A dramatic change in their existing Terraform provider’s pricing model prompted Redfin’s search for a more cost-effective alternative. Cost may have been the initial motivation to change, but the team was not prepared to make sacrifices when it came to finding a robust, managed platform to replace their infrastructure orchestration solution.
Redfin investigated Spacelift alternatives including Atlantis but swiftly ruled them out because using them would require an unacceptable level of hands-on management. Reasonable pricing made Spacelift the leading candidate to replace their IaC automation platform, and positive feedback from their engineers plus exceptional flexibility clinched the deal. Spacelift’s responsiveness before and after they signed the contract helped sustain and enhance those positive impressions.
As the Redfin team adopted the Spacelift platform and started weaving it into their existing IaC operations, they found the onboarding process to be surprisingly smooth. “While we did hit a few bumps along the way — that’s to be expected when you’re dealing with complex infrastructure — Spacelift’s team was very responsive. Their pre- and post-sales engineers were always there to help us work through any issues,’ recalls Carlos Castillo, Senior Cloud Operations Engineer at Redfin.
“While most projects use Atlantis, many were managed manually via CLI. This meant we had to come up with proper policies and workflows that would meet every scenario. With help from Spacelift documentation, we were able to design a process that made migrating easier.”
Redfin is about halfway through its adoption phase with Spacelift. “We’ve moved around 97 projects over to Spacelift — that’s about a quarter of our total infrastructure as code,” explains Carlos. Accomplishing full migration will continue through Q2 2025, but the company is already seeing positive results. Combined with internal changes in the way the team operates, Spacelift is helping Redfin slash the time it spends on monotonous but necessary tasks. “This means our teams can focus more on innovation and less on routine maintenance,” says Carlos. That is exactly what forward-thinking companies like Redfin want from their infrastructure orchestration solutions — the ability to automate important but repetitive maintenance tasks and dedicate their combined development and engineering efforts to work that adds genuine business value.
Spacelift delivers this freedom to innovate with features like policies supported by Open Policy Agent (OPA) for secure, compliant IaC. “We’re heavily using the policies feature right now — it allows us to easily create specific workflows for different types of projects and automate certain procedures to our liking,” says Carlos.
In fact, one of the things Redfin is most excited about is how Spacelift has helped enhance the company’s governance. “Spacelift’s policy-as-code feature is a game-changer. We can now implement and enforce standards consistently across all our projects. It’s made collaboration between teams so much smoother, and we’ve seen a real uptick in developer velocity.”

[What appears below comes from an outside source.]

(* Let $G$ be a network whose underlying graph is a tree (connected, simple, without circuits, at most countable, locally finite), with edges $\mathsf{e}_i$, $i\in\mathbf{E}\subset\mathbb{N}$, parametrized by arc length $x_i\in[0,\ell_i]$ via $\pi_i$, and let $0\in\mathbf{E}$ index a distinguished edge $\mathsf{e}_0$. Consider (BBMG) on $G$ with all $d_i=0$, i.e. $$\partial_tu_i-a_i\partial_i^2\partial_tu_i+b_iu_i\partial_iu_i=0\ \text{on }\mathsf{e}_i,\ t>0;\qquad u_j(t,\mathsf{v}_k)=u_h(t,\mathsf{v}_k),\ \ \sum_{j}\iota_{kj}a_j\partial_ju_j(t,\mathsf{v}_k)=0$$ for all $\mathsf{v}_k\in V_r$, $j,h\in N(\mathsf{v}_k)$, $t\ge0$, where $a_i>0$, $b_i\in\mathbb{R}\setminus\{0\}$. Assume $$\sqrt{\frac{a_i}{a_j}}=\frac{b_i}{b_j}>0\quad\text{for all }\mathsf{v}_k\in V_r\text{ and all }i,j\in N(\mathsf{v}_k),\qquad \sum_{i\in\mathbf{E}}\iota_{ki}b_i=0\quad\text{for all }\mathsf{v}_k\in V_r.$$ Let $c_0>0$ and let the speeds $c_i>0$ be determined by $c_i=\sqrt{a_i/a_j}\,c_j$ for all $\mathsf{v}_k\in V_r$ and $i,j\in N(\mathsf{v}_k)$; let the constants $\tau_i$ be determined by $\tau_0=0$ and $$\frac{\tau_i+\varepsilon_{ki}}{\sqrt{a_i}}=\frac{\tau_j+\varepsilon_{kj}}{\sqrt{a_j}}\quad\text{for all }\mathsf{v}_k\in V_r,\ i,j\in N(\mathsf{v}_k),$$ where $\varepsilon_{ki}=\ell_i$ if $\pi_i(\ell_i)=\mathsf{v}_k$ and $\varepsilon_{ki}=0$ if $\pi_i(0)=\mathsf{v}_k$. Then the function $u$ defined on each edge by $u_i(t,x_i)=\varphi_i(x_i-c_it+\tau_i)$, with $$\varphi_i(z)=\frac{6c_i}{b_i}\cdot\frac{1}{1+\cosh\big(z/\sqrt{a_i}\big)},\qquad z\in\mathbb{R},$$ is a strong solution of (BBMG).
   Context: For a vertex $\mathsf{v}$, $N(\mathsf{v})$ is the set of indices of edges incident to $\mathsf{v}$; $V_r$ is the set of vertices of degree $\ge 2$. Incidence numbers: $\iota_{ki}=1$ if $\pi_i(\ell_i)=\mathsf{v}_k$, $\iota_{ki}=-1$ if $\pi_i(0)=\mathsf{v}_k$, $0$ otherwise. $u_i(x_i,t)=u(\pi_i(x_i),t)$, $\partial_i=\partial/\partial x_i$, and values at $\mathsf{v}_k$ mean values at $x_i=\pi_i^{-1}(\mathsf{v}_k)$. No initial conditions and no conditions at degree-one vertices are imposed. A strong solution is a function continuous on $G$ with $u_i\in\mathcal{C}^{1,1}(\mathsf{e}_i\times[0,\infty))$, $\partial_tu_i\in\mathcal{C}^{2,0}(\mathsf{e}_i\times[0,\infty))$, satisfying the system pointwise. The profile $\varphi_i$ is the solitary wave $\frac{6(c-d)}{b}(1+\cosh(\sqrt{(c-d)/(ac)}\,z))^{-1}$ with $a=a_i,b=b_i,c=c_i,d=0$. *)

theory Defs
  imports "HOL-Analysis.Analysis"
begin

Spacelift’s flexibility really stood out from the start. “At Redfin, we have a pretty diverse set of infrastructure needs — everything from monorepos with multiple projects to single-use case repos for specific infrastructure as code. Spacelift’s adaptable platform helped us design processes to handle any one of these situations,” explains Carlos.
This flexibility and Spacelift’s robust feature set have allowed the team to completely reimagine its approach to infrastructure management. “We’re now more efficient, more consistent, and more scalable than ever before. Spacelift has become a crucial part of our infrastructure strategy, going far beyond the tool we originally thought it would be,” concludes Carlos.